[Items from a dataset]
=== Section Start ===
lemma control_function_colouring:
  assumes "control_function X m D" "\<rho> > 0"
  obtains U :: "nat \<Rightarrow> 'a::metric_space set" and c :: "'a \<Rightarrow> nat"
  where "\<And>x. x \<in> X \<Longrightarrow> c x \<le> m \<and> x \<in> U (c x)"
    and "\<And>i x. i \<le> m \<Longrightarrow> x \<in> U i \<Longrightarrow> ediam (r_component (U i) \<rho> x) \<le> D \<rho>"
proof -
  obtain U :: "nat \<Rightarrow> 'a set" where "(\<forall>i\<le>m. U i \<subseteq> X) \<and> (\<Union>i\<le>m. U i) = X
      \<and> (\<forall>x\<in>X. \<exists>i\<le>m. ball x \<rho> \<inter> X \<subseteq> U i)
      \<and> (\<forall>i\<le>m. \<forall>x\<in>U i. ediam (r_component (U i) \<rho> x) \<le> D \<rho>)"
    using assms(1)[unfolded control_function_def, rule_format, OF assms(2)] by (rule exE)
  then have cover: "(\<Union>i\<le>m. U i) = X"
    and diam: "\<forall>i\<le>m. \<forall>x\<in>U i. ediam (r_component (U i) \<rho> x) \<le> D \<rho>"
    by blast+
  define c where "c x = (SOME i. i \<le> m \<and> x \<in> U i)" for x
  have "c x \<le> m \<and> x \<in> U (c x)" if "x \<in> X" for x
  proof -
    have "\<exists>i. i \<le> m \<and> x \<in> U i"
      using cover that by blast
    then show ?thesis
      unfolding c_def by (rule someI_ex)
  qed
  with diam show ?thesis
    using that by blast
qed
(* Fix $p\in[0,\infty]$, a dynamic monetary risk measure $(R_t)_{t=0}^{T-1}$, a dynamic monetary utility function $(U_t)_{t=0}^{T-1}$, $\eta_t\in L^0(\mathcal{F}_t)$ with $\eta_t>0$, and $W_t$ as in the context. For $t\in\{1,\dots,T\}$ define $\phi_{t,T}:\mathcal{R}^p_{t,T}\to L^p(\mathcal{F}_t)$ by $$\phi_{t,T}(Y):=-W_t\circ\dots\circ W_{T-1}(-Y_T)$$ (for $t=T$ the empty composition is the identity). Then each $\phi_{t,T}$ satisfies: $\phi_{t,T}(0)=0$; $\phi_{t,T}(Y)\le\phi_{t,T}(\widetilde Y)$ for all $Y,\widetilde Y\in\mathcal{R}^p_{t,T}$ with $Y\le\widetilde Y$ (componentwise); and $\phi_{t,T}(Y+m1_{[t,T]})=\phi_{t,T}(Y)+m$ for all $Y\in\mathcal{R}^p_{t,T}$ and $m\in L^p(\mathcal{F}_t)$. Moreover, $(\phi_{t,T})_{t=1}^T$ is time-consistent in the sense that $$\phi_{t,T}(Y)=\phi_{t,T}\big(Y1_{[t,u)}+\phi_{u,T}(Y)1_{[u,T]}\big)$$ for every $t\le u\le T$ and all $Y\in\mathcal{R}^p_{t,T}$.
   Context: Let $T\ge 1$ and $(\Omega,\mathcal{F},\mathbb{F},\mathbb{P})$ a filtered probability space with $\mathbb{F}=(\mathcal{F}_t)_{t=0}^T$, $\{\emptyset,\Omega\}=\mathcal{F}_0\subseteq\dots\subseteq\mathcal{F}_T=\mathcal{F}$. $L^0(\mathcal{F}_t)$: real $\mathcal{F}_t$-measurable random variables; $L^p(\mathcal{F}_t)$ ($p\in(0,\infty)$): those with $\mathbb{E}|Y|^p<\infty$; $L^\infty(\mathcal{F}_t)$: essentially bounded ones; $L^p_+$: nonnegative elements. (In)equalities are a.s.; $x_+=\max(x,0)$. A dynamic monetary risk measure: maps $R_t:L^p(\mathcal{F}_{t+1})\to L^p(\mathcal{F}_t)$, $t=0,\dots,T-1$, with $R_t(Y+\lambda)=R_t(Y)-\lambda$ ($\lambda\in L^p(\mathcal{F}_t)$), $Y\le\widetilde Y\Rightarrow R_t(Y)\ge R_t(\widetilde Y)$, $R_t(cY)=cR_t(Y)$ ($c\in L^p_+(\mathcal{F}_t)$). A dynamic monetary utility function: maps $U_t:L^p(\mathcal{F}_{t+1})\to L^p(\mathcal{F}_t)$ with $U_t(Y+\lambda)=U_t(Y)+\lambda$, $Y\le\widetilde Y\Rightarrow U_t(Y)\le U_t(\widetilde Y)$, $U_t(cY)=cU_t(Y)$. $W_t(Y):=R_t(-Y)-\frac{1}{1+\eta_t}U_t((R_t(-Y)-Y)_+)$ for $Y\in L^p(\mathcal{F}_{t+1})$. $\mathcal{R}^p_{1,T}$ is the space of $\mathbb{F}$-adapted processes $(Y_s)_{s=1}^T$ with $Y_s\in L^p(\mathcal{F}_s)$. For $1\le u\le v\le T$, $\pi_{u,v}:\mathcal{R}^p_{1,T}\to\mathcal{R}^p_{1,T}$ is $\pi_{u,v}(Y)_s:=1_{u\le s}Y_{s\wedge v}$, and $\mathcal{R}^p_{u,v}:=\pi_{u,v}\mathcal{R}^p_{1,T}$. For a process $Y$ and an interval $I$, $Y1_I$ is the process $s\mapsto 1_{s\in I}Y_s$, and for a random variable $m$, $m1_I$ is the process $s\mapsto 1_{s\in I}m$. *)

theory Defs
  imports "HOL-Probability.Probability"
begin

text \<open>Random variables are represented by functions; (in)equalities are almost sure (AE w.r.t. M).
  A sigma-algebra of the filtration is a measure F t on the same space as M.\<close>

definition filtered_prob_space :: "'a measure \<Rightarrow> (nat \<Rightarrow> 'a measure) \<Rightarrow> nat \<Rightarrow> bool" where
  "filtered_prob_space M F T \<longleftrightarrow>
     prob_space M \<and>
     (\<forall>t\<le>T. space (F t) = space M \<and> sets (F t) \<subseteq> sets M) \<and>
     (\<forall>s t. s \<le> t \<longrightarrow> t \<le> T \<longrightarrow> sets (F s) \<subseteq> sets (F t)) \<and>
     sets (F 0) = {{}, space M} \<and> sets (F T) = sets M"
(* Consider the network and loss $\mathcal{L}$ from the context. If $\mathbf{P}\in\mathbb{R}^D$ is such that there exist $i\in I$ and $k\in K$ with $\rho(\mathbf{w}_i\cdot\mathbf{x}_k)\ne0$, then $\mathbf{P}$ is not a local maximum of $\mathcal{L}$.
   Context: Fix an integer $d>1$, finite index sets $I$ (hidden neurons), $J$ (output neurons), $K$ (samples), reals $\alpha^+\neq\alpha^-$, and $\rho(z)=\alpha^+z$ for $z\ge0$, $\rho(z)=\alpha^-z$ for $z<0$ (componentwise). Parameters $\mathbf{P}=(W,H)\in\mathbb{R}^D$, $D=|J||I|+|I|d$, with $W\in\mathbb{R}^{|I|\times d}$ having rows $\mathbf{w}_i$ and $H=(h_{ji})\in\mathbb{R}^{|J|\times|I|}$; output $\hat{\mathbf{y}}(\mathbf{P};\mathbf{x})=H\rho(W\mathbf{x})$; training data $\mathbf{x}_k\in\mathbb{R}^d$, $\mathbf{y}_k\in\mathbb{R}^{|J|}$; loss $\mathcal{L}(\mathbf{P})=\frac12\sum_{k\in K}\|\hat{\mathbf{y}}(\mathbf{P};\mathbf{x}_k)-\mathbf{y}_k\|^2$. *)

theory Defs
  imports "HOL-Analysis.Analysis"
begin

definition act :: "real \<Rightarrow> real \<Rightarrow> real \<Rightarrow> real" where
  "act ap am z = (if z \<ge> 0 then ap * z else am * z)"

text \<open>Network output: yhat(P; x) = H rho(W x), with W rows w_i and H = (h_ji).
  Parameters P = (W, H) \<in> (real^'d^'i) \<times> (real^'i^'j), which is R^D with its Euclidean topology.\<close>
definition net_out ::
  "real \<Rightarrow> real \<Rightarrow> (real^'d^'i) \<times> (real^'i^'j) \<Rightarrow> real^'d \<Rightarrow> real^'j" where
  "net_out ap am P x = (\<chi> j. \<Sum>i\<in>UNIV. (snd P $ j $ i) * act ap am ((fst P $ i) \<bullet> x))"

definition loss ::
  "real \<Rightarrow> real \<Rightarrow> ('k \<Rightarrow> real^'d) \<Rightarrow> ('k \<Rightarrow> real^'j)
     \<Rightarrow> (real^'d^'i) \<times> (real^'i^'j) \<Rightarrow> real" where
  "loss ap am X Y P = (1/2) * (\<Sum>k\<in>UNIV. (norm (net_out ap am P (X k) - Y k))^2)"

definition local_max :: "('a::metric_space \<Rightarrow> real) \<Rightarrow> 'a \<Rightarrow> bool" where
  "local_max f p \<longleftrightarrow> (\<exists>e>0. \<forall>q. dist q p < e \<longrightarrow> f q \<le> f p)"

end

theory Submission
  imports Defs
begin

text \<open>The network output is linear in the output weights H, so along a line
  P + t (0, V) the loss is a quadratic polynomial in t whose leading coefficient
  is half the squared output of the network (W, V) over the samples. Taking for V
  the matrix that reads off only a neuron i with some nonzero activation makes this
  coefficient positive, and a function that grows quadratically in both directions
  along a line has no local maximum on it.\<close>

lemma not_local_max_if_quadratic_along_line:
  fixes f :: "'a::real_normed_vector \<Rightarrow> real"
  assumes quadratic: "\<And>t. f (p + t *\<^sub>R v) = f p + b * t + c * t\<^sup>2"
    and "c > 0"
  shows "\<not> local_max f p"
proof
  assume "local_max f p"
  then obtain e where "e > 0" and max: "\<And>q. dist q p < e \<Longrightarrow> f q \<le> f p"
    unfolding local_max_def by blast
  have "norm v + 1 > 0" by (simp add: add_nonneg_pos)
  define t where "t = e / 2 / (norm v + 1)"
  have "t > 0"
    unfolding t_def using \<open>e > 0\<close> \<open>norm v + 1 > 0\<close> by simp
  have "t * norm v < e"
  proof -
    have "t * norm v \<le> t * (norm v + 1)" using \<open>t > 0\<close> by simp
    also have "\<dots> = e / 2" unfolding t_def using \<open>norm v + 1 > 0\<close> by (simp add: field_simps)
    finally show ?thesis using \<open>e > 0\<close> by linarith
  qed
  then have near: "f (p + s *\<^sub>R v) \<le> f p" if "\<bar>s\<bar> = t" for s
    using that by (intro max) (simp add: dist_norm)
  have "b * t + c * t\<^sup>2 \<le> 0"
    using near[of t] quadratic[of t] \<open>t > 0\<close> by simp
  moreover have "- (b * t) + c * t\<^sup>2 \<le> 0"
    using near[of "-t"] quadratic[of "-t"] \<open>t > 0\<close> by simp
  ultimately have "c * t\<^sup>2 \<le> 0" by linarith
  with \<open>c > 0\<close> \<open>t > 0\<close> show False
    by (simp add: mult_le_0_iff)
qed

lemma net_out_add_scaled_output_weights:
  "net_out ap am (W, H + t *\<^sub>R V) x = net_out ap am (W, H) x + t *\<^sub>R net_out ap am (W, V) x"
  unfolding net_out_def
  by (simp add: vec_eq_iff sum.distrib sum_distrib_left algebra_simps)

lemma power2_norm_add_scaled:
  fixes u v :: "'a::real_inner"
  shows "(norm (u + t *\<^sub>R v))\<^sup>2 = (norm u)\<^sup>2 + 2 * t * (u \<bullet> v) + t\<^sup>2 * (norm v)\<^sup>2"
  unfolding power2_norm_eq_inner
  by (simp add: inner_add_left inner_add_right inner_commute power2_eq_square algebra_simps)

lemma loss_along_output_weights:
  fixes X :: "'k::finite \<Rightarrow> real^'d" and Y :: "'k \<Rightarrow> real^'j"
  shows "loss ap am X Y (W, H + t *\<^sub>R V) = loss ap am X Y (W, H)
    + t * (\<Sum>k\<in>UNIV. (net_out ap am (W, H) (X k) - Y k) \<bullet> net_out ap am (W, V) (X k))
    + t\<^sup>2 / 2 * (\<Sum>k\<in>UNIV. (norm (net_out ap am (W, V) (X k)))\<^sup>2)"
proof -
  define r where "r k = net_out ap am (W, H) (X k) - Y k" for k
  define b where "b k = net_out ap am (W, V) (X k)" for k
  have "loss ap am X Y (W, H + t *\<^sub>R V) = 1/2 * (\<Sum>k\<in>UNIV. (norm (r k + t *\<^sub>R b k))\<^sup>2)"
    unfolding loss_def r_def b_def net_out_add_scaled_output_weights by (simp add: algebra_simps)
  also have "\<dots> = 1/2 * (\<Sum>k\<in>UNIV. (norm (r k))\<^sup>2) + t * (\<Sum>k\<in>UNIV. r k \<bullet> b k)
      + t\<^sup>2 / 2 * (\<Sum>k\<in>UNIV. (norm (b k))\<^sup>2)"
    unfolding power2_norm_add_scaled by (simp add: sum.distrib sum_distrib_left algebra_simps)
  finally show ?thesis
    unfolding loss_def r_def b_def by simp
qed

lemma net_out_single_hidden_neuron:
  "net_out ap am (W, \<chi> j i. if i = i0 then 1 else 0) x = (\<chi> j. act ap am (W $ i0 \<bullet> x))"
  unfolding net_out_def by (simp add: vec_eq_iff of_bool_def [symmetric])

theorem theorem2:
  fixes ap am :: real
    and X :: "'k::finite \<Rightarrow> real^'d::finite"
    and Y :: "'k \<Rightarrow> real^'j::finite"
    and P :: "(real^'d^'i::finite) \<times> (real^'i^'j)"
  assumes "CARD('d) > 1"
    and "ap \<noteq> am"
    and "\<exists>i k. act ap am ((fst P $ i) \<bullet> X k) \<noteq> 0"
  shows "\<not> local_max (loss ap am X Y) P"
proof -
  obtain W H where P: "P = (W, H)" by fastforce
  obtain i0 k0 where active: "act ap am (W $ i0 \<bullet> X k0) \<noteq> 0"
    using assms(3) P by auto
  define V :: "real^'i^'j" where "V = (\<chi> j i. if i = i0 then 1 else 0)"
  define c where "c = (\<Sum>k\<in>UNIV. (norm (net_out ap am (W, V) (X k)))\<^sup>2) / 2"
  have "net_out ap am (W, V) (X k0) \<noteq> 0"
    using active by (simp add: V_def net_out_single_hidden_neuron vec_eq_iff)
  then have "0 < (norm (net_out ap am (W, V) (X k0)))\<^sup>2" by simp
  also have "\<dots> \<le> (\<Sum>k\<in>UNIV. (norm (net_out ap am (W, V) (X k)))\<^sup>2)"
    by (rule member_le_sum) auto
  finally have "c > 0" unfolding c_def by simp
  moreover have "loss ap am X Y (P + t *\<^sub>R (0, V)) = loss ap am X Y P
      + (\<Sum>k\<in>UNIV. (net_out ap am (W, H) (X k) - Y k) \<bullet> net_out ap am (W, V) (X k)) * t
      + c * t\<^sup>2" for t
    unfolding P c_def by (simp add: loss_along_output_weights algebra_simps)
  ultimately show ?thesis
    by (intro not_local_max_if_quadratic_along_line)
qed

end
=== Section End ===
_Exercise description_
From the records above, copy each line in which the string "blast" occurs.

_Task result_
    by blast+
      using cover that by blast
    using that by blast
    unfolding local_max_def by blast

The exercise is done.